I just read an interesting article regarding arrest warrants.  In brief, guy who's a Special Conservator Of the Peace in Virginia (basically, like a security guard with full LE authority) who does business in DC learns that DC has obtained a warrant charging him with possession of unregistered & unauthorized firearms.  DC withdraws the warrant before it's served, and indicates that they won't prosecute him.  But... he's been unwilling to face possible arrest by going into DC, thus he's losing work.  He sues the District, alleging that they've done him harm...  The district court judge dismisses the case, saying the guy lacked standing since he was never arrested.  The circuit court also dismisses the case, and the guy is now appealing saying that the dismissals were wrong.

Lots of food for thought here... Was there a 4th Amendment violation?  He wasn't arrested, but apparently there wasn't PC to issue the warrant in the first place, either.  What does this case end up saying about times when cops arrest someone, and the prosecutor chooses not to prosecute?


----------



## Bob Hubbard (Oct 4, 2009)

If the warrant is withdrawn, that means it's null and void, right?


----------



## jks9199 (Oct 4, 2009)

Bob Hubbard said:


> If the warrant is withdrawn, that means it's null and void, right?


Yeah; if the warrant is withdrawn before service, it's gone.  But from the article, I'm not 100% sure whether it was truly withdrawn or simply determined that it wouldn't be prosecuted...  And even so -- Ord (the guy named) wasn't willing to go into the District to work due to the chance of being arrested.  There was also a legitimate possibility of arrest outside of DC if the warrant was entered with extradition.  And being charged could negatively effect his status as a Special Conservator, too.


----------



## Archangel M (Oct 5, 2009)

Hmmm. What was the harm? What is the expected remedy?
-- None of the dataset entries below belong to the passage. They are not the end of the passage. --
text \<open>
  (i) Lebesgue measure is finite on bounded sets, hence so are (almost surely) the L_k, the W_{k,r}
  and the mean measure of T; so T is almost surely a finite integer-valued measure on every box
  and on every dyadic cell inside it. For such a measure every atom has mass at least 1, being the
  limit of the masses of the dyadic cells shrinking to it, so a box contains only finitely many
  atoms.

  (ii) Consider the pairwise disjoint cubes D_m = ([2m, 2m+1]^R1)^K and fix some r. The values
  L_k([2m, 2m+1]^R1) are iid Gamma(1), so the events "W_{k,r}([2m, 2m+1]^R1) > 1 for all k" are
  independent over m, with a common probability q > 0. On such an event the mean of T(D_m) is at
  least 1, so T(D_m) = 0 has conditional probability at most e^-1. Hence the probability that
  T(D_m) = 0 for all m in a finite set S is at most (1 - (1 - e^-1) q)^|S|, and almost surely
  infinitely many D_m carry mass. Each of them contains an atom of T, which yields unboundedly
  many distinct atoms in the growing boxes.
\<close>

section \<open>Conditionally independent random measures\<close>

lemma cond_indep_law_sets:
  "cond_indep_law M F S X \<mu> D \<Longrightarrow> \<omega> \<in> space M \<Longrightarrow> sets (X i \<omega>) = sets S"
  unfolding cond_indep_law_def by blast

lemma cond_indep_law_measurable:
  "cond_indep_law M F S X \<mu> D \<Longrightarrow> B \<in> sets S \<Longrightarrow> (\<lambda>\<omega>. emeasure (X i \<omega>) B) \<in> borel_measurable M"
  unfolding cond_indep_law_def by blast

lemma emeasure_cond_indep_law:
  assumes law: "cond_indep_law M F S X \<mu> D" and E: "E \<in> F" and I: "finite I"
    and B: "\<And>a. a \<in> I \<Longrightarrow> B a \<in> sets S" and C: "\<And>a. a \<in> I \<Longrightarrow> C a \<in> sets borel"
    and disj: "\<And>a b. a \<in> I \<Longrightarrow> b \<in> I \<Longrightarrow> a \<noteq> b \<Longrightarrow> j a = j b \<Longrightarrow> B a \<inter> B b = {}"
  shows "emeasure M (E \<inter> {\<omega>\<in>space M. \<forall>a\<in>I. emeasure (X (j a) \<omega>) (B a) \<in> C a})
     = (\<integral>\<^sup>+\<omega>. indicator E \<omega> * (\<Prod>a\<in>I. emeasure (D (\<mu> (j a) \<omega> (B a))) (C a)) \<partial>M)"
proof -
  obtain f where f: "bij_betw f {..<card I} I"
    using ex_bij_betw_nat_finite[OF I] by (auto simp: atLeast0LessThan)
  then have f_img: "f ` {..<card I} = I" and f_inj: "inj_on f {..<card I}"
    by (auto simp: bij_betw_def)
  have "\<forall>m<card I. (B \<circ> f) m \<in> sets S \<and> (C \<circ> f) m \<in> sets borel"
    using B C f_img by auto
  moreover have "\<forall>m<card I. \<forall>m'<card I. m \<noteq> m' \<and> (j \<circ> f) m = (j \<circ> f) m' \<longrightarrow> (B \<circ> f) m \<inter> (B \<circ> f) m' = {}"
    using disj f_img f_inj unfolding inj_on_def by (metis comp_apply imageI lessThan_iff)
  ultimately have "emeasure M (E \<inter> {\<omega>\<in>space M. \<forall>m<card I. emeasure (X ((j \<circ> f) m) \<omega>) ((B \<circ> f) m) \<in> (C \<circ> f) m})
      = (\<integral>\<^sup>+\<omega>. indicator E \<omega> * (\<Prod>m<card I. emeasure (D (\<mu> ((j \<circ> f) m) \<omega> ((B \<circ> f) m))) ((C \<circ> f) m)) \<partial>M)"
    using E law[unfolded cond_indep_law_def, THEN conjunct2, THEN conjunct2, rule_format,
        where n="card I" and j="j \<circ> f" and B="B \<circ> f" and C="C \<circ> f" and E=E]
    by blast
  moreover have "{\<omega>\<in>space M. \<forall>m<card I. emeasure (X ((j \<circ> f) m) \<omega>) ((B \<circ> f) m) \<in> (C \<circ> f) m}
      = {\<omega>\<in>space M. \<forall>a\<in>I. emeasure (X (j a) \<omega>) (B a) \<in> C a}"
  proof -
    have "(\<forall>a\<in>f ` {..<card I}. P a) \<longleftrightarrow> (\<forall>m<card I. P (f m))" for P
      by auto
    then show ?thesis
      by (simp only: f_img comp_apply)
  qed
  moreover have "(\<Prod>m<card I. emeasure (D (\<mu> ((j \<circ> f) m) \<omega> ((B \<circ> f) m))) ((C \<circ> f) m))
      = (\<Prod>a\<in>I. emeasure (D (\<mu> (j a) \<omega> (B a))) (C a))" for \<omega>
    using prod.reindex_bij_betw[OF f, of "\<lambda>a. emeasure (D (\<mu> (j a) \<omega> (B a))) (C a)"] by simp
  ultimately show ?thesis
    by simp
qed

lemma AE_cond_indep_law_notin:
  assumes law: "cond_indep_law M F S X \<mu> D" and F: "space M \<in> F"
    and B: "B \<in> sets S" and C: "C \<in> sets borel"
    and null: "AE \<omega> in M. emeasure (D (\<mu> i \<omega> B)) C = 0"
  shows "AE \<omega> in M. emeasure (X i \<omega>) B \<notin> C"
proof -
  have "emeasure M (space M \<inter> {\<omega>\<in>space M. \<forall>a\<in>{i}. emeasure (X (id a) \<omega>) B \<in> C})
      = (\<integral>\<^sup>+\<omega>. indicator (space M) \<omega> * (\<Prod>a\<in>{i}. emeasure (D (\<mu> (id a) \<omega> B)) C) \<partial>M)"
    by (rule emeasure_cond_indep_law[OF law F]) (use B C in auto)
  also have "\<dots> = (\<integral>\<^sup>+\<omega>. 0 \<partial>M)"
    by (rule nn_integral_cong_AE) (use null in auto)
  finally have "emeasure M {\<omega>\<in>space M. emeasure (X i \<omega>) B \<in> C} = 0"
    by (simp add: Int_absorb1)
  moreover have "{\<omega>\<in>space M. emeasure (X i \<omega>) B \<in> C} \<in> sets M"
    using cond_indep_law_measurable[OF law B] C by measurable
  ultimately show ?thesis
    by (auto simp: AE_iff_measurable)
qed

lemma space_in_rm_events: "space M \<in> rm_events M Xs"
  unfolding rm_events_def by (rule sigma_sets_top)

lemma distr_cond_indep_law_eq_PiM:
  assumes law: "cond_indep_law M F S X \<mu> D" and M: "prob_space M" and F: "space M \<in> F"
    and I: "finite I" and B: "\<And>a. a \<in> I \<Longrightarrow> B a \<in> sets S"
    and disj: "\<And>a b. a \<in> I \<Longrightarrow> b \<in> I \<Longrightarrow> a \<noteq> b \<Longrightarrow> j a = j b \<Longrightarrow> B a \<inter> B b = {}"
    and const: "\<And>a \<omega>. a \<in> I \<Longrightarrow> \<omega> \<in> space M \<Longrightarrow> \<mu> (j a) \<omega> (B a) = s"
    and D: "prob_space (D s)" "sets (D s) = sets borel"
  shows "distr M (Pi\<^sub>M I (\<lambda>_. borel)) (\<lambda>\<omega>. \<lambda>a\<in>I. emeasure (X (j a) \<omega>) (B a)) = Pi\<^sub>M I (\<lambda>_. D s)"
    (is "distr M ?P ?\<Phi> = _")
proof -
  interpret D: product_sigma_finite "\<lambda>_. D s"
    using D(1) unfolding product_sigma_finite_def by (simp add: prob_space_imp_sigma_finite)
  have \<Phi>: "?\<Phi> \<in> measurable M ?P"
    using cond_indep_law_measurable[OF law B] by (intro measurable_restrict) auto
  show ?thesis
  proof (rule D.PiM_eqI[OF I])
    show "sets (distr M ?P ?\<Phi>) = sets (Pi\<^sub>M I (\<lambda>_. D s))"
      using D(2) by (simp cong: sets_PiM_cong)
  next
    fix A assume A: "\<And>a. a \<in> I \<Longrightarrow> A a \<in> sets (D s)"
    then have "Pi\<^sub>E I A \<in> sets ?P"
      using D(2) by (intro sets_PiM_I_finite[OF I]) auto
    then have "emeasure (distr M ?P ?\<Phi>) (Pi\<^sub>E I A)
        = emeasure M (space M \<inter> {\<omega>\<in>space M. \<forall>a\<in>I. emeasure (X (j a) \<omega>) (B a) \<in> A a})"
      using \<Phi> by (simp add: emeasure_distr Int_commute) (auto intro!: arg_cong[where f="emeasure M"] simp: PiE_iff)
    also have "\<dots> = (\<integral>\<^sup>+\<omega>. indicator (space M) \<omega> * (\<Prod>a\<in>I. emeasure (D (\<mu> (j a) \<omega> (B a))) (A a)) \<partial>M)"
      using A D(2) by (intro emeasure_cond_indep_law[OF law F I B _ disj]) auto
    also have "\<dots> = (\<integral>\<^sup>+\<omega>. indicator (space M) \<omega> * (\<Prod>a\<in>I. emeasure (D s) (A a)) \<partial>M)"
      by (intro nn_integral_cong) (simp add: const indicator_def)
    also have "\<dots> = (\<Prod>a\<in>I. emeasure (D s) (A a))"
      using prob_space.emeasure_space_1[OF M]
      by (simp add: mult.commute[of "indicator _ _"] nn_integral_cmult_indicator)
    finally show "emeasure (distr M ?P ?\<Phi>) (Pi\<^sub>E I A) = (\<Prod>a\<in>I. emeasure (D s) (A a))" .
  qed
qed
Probably will boil down to a "monetary goal".


----------



## jks9199 (Oct 5, 2009)

Archangel M said:


> Hmmm. What was the harm? What is the expected remedy?
> 
> Probably will boil down to a "monetary goal".


Actually, I kind of suspect it's a "battle on principle" especially related to the guns...  Lots of that going on in DC right now...


----------



## Brian R. VanCise (Oct 5, 2009)

It is a very interesting case that is for sure.


----------



## Bill Mattocks (Oct 5, 2009)

Fascinating!  Thanks for posting this.


----------



## sgtmac_46 (Oct 10, 2009)

jks9199 said:


> I just read an interesting article regarding arrest warrants.  In brief, guy who's a Special Conservator Of the Peace in Virginia (basically, like a security guard with full LE authority) who does business in DC learns that DC has obtained a warrant charging him with possession of unregistered & unauthorized firearms.  DC withdraws the warrant before it's served, and indicates that they won't prosecute him.  But... he's been unwilling to face possible arrest by going into DC, thus he's losing work.  He sues the District, alleging that they've done him harm...  The district court judge dismisses the case, saying the guy lacked standing since he was never arrested.  The circuit court also dismisses the case, and the guy is now appealing saying that the dismissals were wrong.
> 
> Lots of food for thought here... Was there a 4th Amendment violation?  He wasn't arrested, but apparently there wasn't PC to issue the warrant in the first place, either.  What does this case end up saying about times when cops arrest someone, and the prosecutor chooses not to prosecute?



I think the court is right in that the warrant was withdrawn before any tangible harm was done.


----------